* Data shown
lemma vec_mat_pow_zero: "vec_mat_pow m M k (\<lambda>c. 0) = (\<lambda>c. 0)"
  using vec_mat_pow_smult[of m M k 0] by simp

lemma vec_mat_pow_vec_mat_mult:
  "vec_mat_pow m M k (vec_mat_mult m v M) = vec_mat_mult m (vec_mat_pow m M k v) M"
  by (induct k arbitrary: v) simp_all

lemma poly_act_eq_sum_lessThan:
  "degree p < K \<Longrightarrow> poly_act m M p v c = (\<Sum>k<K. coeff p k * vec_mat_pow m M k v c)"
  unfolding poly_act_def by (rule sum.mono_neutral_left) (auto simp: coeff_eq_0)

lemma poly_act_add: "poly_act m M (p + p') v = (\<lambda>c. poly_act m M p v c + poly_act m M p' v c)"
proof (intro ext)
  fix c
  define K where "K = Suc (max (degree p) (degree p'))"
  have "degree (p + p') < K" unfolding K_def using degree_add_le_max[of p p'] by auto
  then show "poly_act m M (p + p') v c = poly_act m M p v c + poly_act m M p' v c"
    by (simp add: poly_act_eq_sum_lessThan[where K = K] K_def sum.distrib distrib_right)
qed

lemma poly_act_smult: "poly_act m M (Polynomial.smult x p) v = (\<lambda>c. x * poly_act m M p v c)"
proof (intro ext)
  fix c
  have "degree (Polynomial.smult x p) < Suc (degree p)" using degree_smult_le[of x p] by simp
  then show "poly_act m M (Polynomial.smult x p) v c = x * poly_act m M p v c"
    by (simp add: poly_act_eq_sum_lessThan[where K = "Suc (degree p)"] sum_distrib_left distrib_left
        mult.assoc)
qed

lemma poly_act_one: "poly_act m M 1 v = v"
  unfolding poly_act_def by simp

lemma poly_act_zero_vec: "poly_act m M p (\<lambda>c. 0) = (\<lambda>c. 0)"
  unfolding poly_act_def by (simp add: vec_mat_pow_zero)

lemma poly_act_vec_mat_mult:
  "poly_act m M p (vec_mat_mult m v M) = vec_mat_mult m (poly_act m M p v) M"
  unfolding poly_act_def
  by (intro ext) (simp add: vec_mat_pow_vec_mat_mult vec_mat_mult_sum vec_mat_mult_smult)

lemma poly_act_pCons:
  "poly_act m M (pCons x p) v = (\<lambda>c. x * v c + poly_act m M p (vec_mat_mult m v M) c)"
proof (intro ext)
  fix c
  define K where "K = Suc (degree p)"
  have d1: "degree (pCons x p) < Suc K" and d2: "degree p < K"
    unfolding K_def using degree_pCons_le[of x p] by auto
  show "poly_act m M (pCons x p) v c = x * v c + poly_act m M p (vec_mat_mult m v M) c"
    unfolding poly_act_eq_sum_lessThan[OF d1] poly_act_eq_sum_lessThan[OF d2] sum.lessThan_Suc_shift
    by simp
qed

* Work order
Go through the material above and return each line that holds the word "define".

* Exercise result
  define K where "K = Suc (max (degree p) (degree p'))"
  define K where "K = Suc (degree p)"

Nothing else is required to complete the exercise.